The 12 vignettes of this short novel follow the unnamed narrator as she goes about her days dogged by a persistent unease. How she came to this apartment, the history of her relationship with her now-estranged husband, and the effects this drastic change has wrought on herself and her daughter are all gradually revealed amid the ordinary rhythms of daily life, interspersed with episodes like when an irate neighbor confronts her about an upstairs water leak or when her daughter runs away from her in a park.

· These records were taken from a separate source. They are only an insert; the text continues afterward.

lemma idempotent_mat_factor:
  fixes K :: "'a :: bezout_domain mat"
  assumes K: "K \<in> carrier_mat n n" and KK: "K * K = K"
  shows "\<exists>s N Z. N \<in> carrier_mat n s \<and> Z \<in> carrier_mat s n \<and> K = N * Z \<and> Z * N = 1\<^sub>m s"
proof -
  have "dim_row K = n" "dim_col K = n" using K by auto
  then obtain s N Z Z' where N: "N \<in> carrier_mat n s" and Z: "Z \<in> carrier_mat s n"
    and Z': "Z' \<in> carrier_mat n s" and K_N: "K = N * Z" and N_K: "N = K * Z'" and "indep_cols N"
    using has_col_basis[OF K] unfolding has_col_basis_def by metis
  have "N * (Z * N) = K * N" using N Z by (simp add: K_N)
  also have "\<dots> = K * K * Z'" using K Z' by (simp add: N_K)
  also have "\<dots> = N" by (simp only: KK N_K[symmetric])
  also have "\<dots> = N * 1\<^sub>m s" using N by simp
  finally have "Z * N = 1\<^sub>m s"
    using indep_cols_cancel[OF N \<open>indep_cols N\<close>, of "Z * N" s "1\<^sub>m s"] N Z by auto
  then show ?thesis using N Z K_N by blast
qed

lemma left_invertible_mat_complement:
  fixes H :: "'a :: bezout_domain mat"
  assumes H: "H \<in> carrier_mat n r" and L: "L \<in> carrier_mat r n" and LH: "L * H = 1\<^sub>m r"
  shows "\<exists>s N Z. N \<in> carrier_mat n s \<and> Z \<in> carrier_mat s n \<and> H * L + N * Z = 1\<^sub>m n
    \<and> L * N = 0\<^sub>m r s \<and> Z * H = 0\<^sub>m s r \<and> Z * N = 1\<^sub>m s"
proof -
  define K where "K = 1\<^sub>m n - H * L"
  have HL: "H * L \<in> carrier_mat n n" using H L by auto
  have K: "K \<in> carrier_mat n n" unfolding K_def using minus_carrier_mat[OF HL] .
  have "A + (1\<^sub>m n - A) = 1\<^sub>m n" if "A \<in> carrier_mat n n" for A :: "'a mat"
    using that by (intro eq_matI) auto
  then have HLK: "H * L + K = 1\<^sub>m n" unfolding K_def using HL .
  have "L * K = L - L * H * L"
    unfolding K_def using mult_minus_distrib_mat[OF L one_carrier_mat HL] L H by simp
  then have LK: "L * K = 0\<^sub>m r n" using LH L by simp
  have "K * H = H - H * (L * H)"
    unfolding K_def using minus_mult_distrib_mat[OF one_carrier_mat HL H] L H by simp
  then have KH: "K * H = 0\<^sub>m n r" using LH H by simp
  have "K * K = K - H * (L * K)"
    unfolding K_def using minus_mult_distrib_mat[OF one_carrier_mat HL K] H L K
    by (simp flip: K_def)
  also have "\<dots> = K" using H K by (intro eq_matI) (auto simp: LK)
  finally have "K * K = K" .
  then obtain s N Z where N: "N \<in> carrier_mat n s" and Z: "Z \<in> carrier_mat s n"
    and K_NZ: "K = N * Z" and ZN: "Z * N = 1\<^sub>m s"
    using idempotent_mat_factor[OF K] by blast
  note dims = carrier_matD[OF H] carrier_matD[OF L] carrier_matD[OF N] carrier_matD[OF Z]
  have "L * N = L * K * N" using ZN by (simp add: K_NZ mult_assoc_dim dims)
  then have LN: "L * N = 0\<^sub>m r s" using LK N by simp
  have "Z * H = Z * N * (Z * H)" using ZN by (simp add: dims)
  also have "\<dots> = Z * K * H" by (simp add: K_NZ mult_assoc_dim dims)
  also have "\<dots> = 0\<^sub>m s r" using Z by (simp add: assoc_mult_mat[OF Z K H] KH)
  finally show ?thesis
    using N Z ZN HLK LN unfolding K_NZ by (intro exI[of _ s] exI[of _ N] exI[of _ Z]) simp
qed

Readers expecting a tale of a down-on-her-luck heroine discovering inner strength or triumphing over adversity will walk away unfulfilled. Little happens in the way of a plot, and the other characters, including the narrator’s husband, are thinly sketched out. Instead, the primary focus is always the narrator and her small but intensely-felt world, as reflected in her thoughts, dreams, memories, and impressions. It is an unsparing and at times uncomfortable portrait. 

We see the full spectrum of anger, frustration, exhaustion, fear, sympathy, and pure love that the narrator feels as a single mother. Though she can tell her daughter has been negatively affected by her husband’s absence and her own inconsistent caretaking, she frequently finds herself at a loss and can only observe or downplay the unpleasantness around her. Readers may be appalled at her irresponsibility at times, self-absorbed as she is with her own misery. But even as she gets into a drunken altercation with her ex-husband, sleeps with the married head of the PTA, and goes up to an insensate drunkard in the street to softly stroke his back, nothing comes to the fore so much as the incredible loneliness and vulnerability of her position. 

This novel is less about a plot or progression of events than it is about entering a specific state of mind: that of a lost woman with no one to depend on and nowhere to go but forward, into the sort of absolute and blinding light that illuminates but can also obliterate. It’s not a light read, but it’s worth understanding.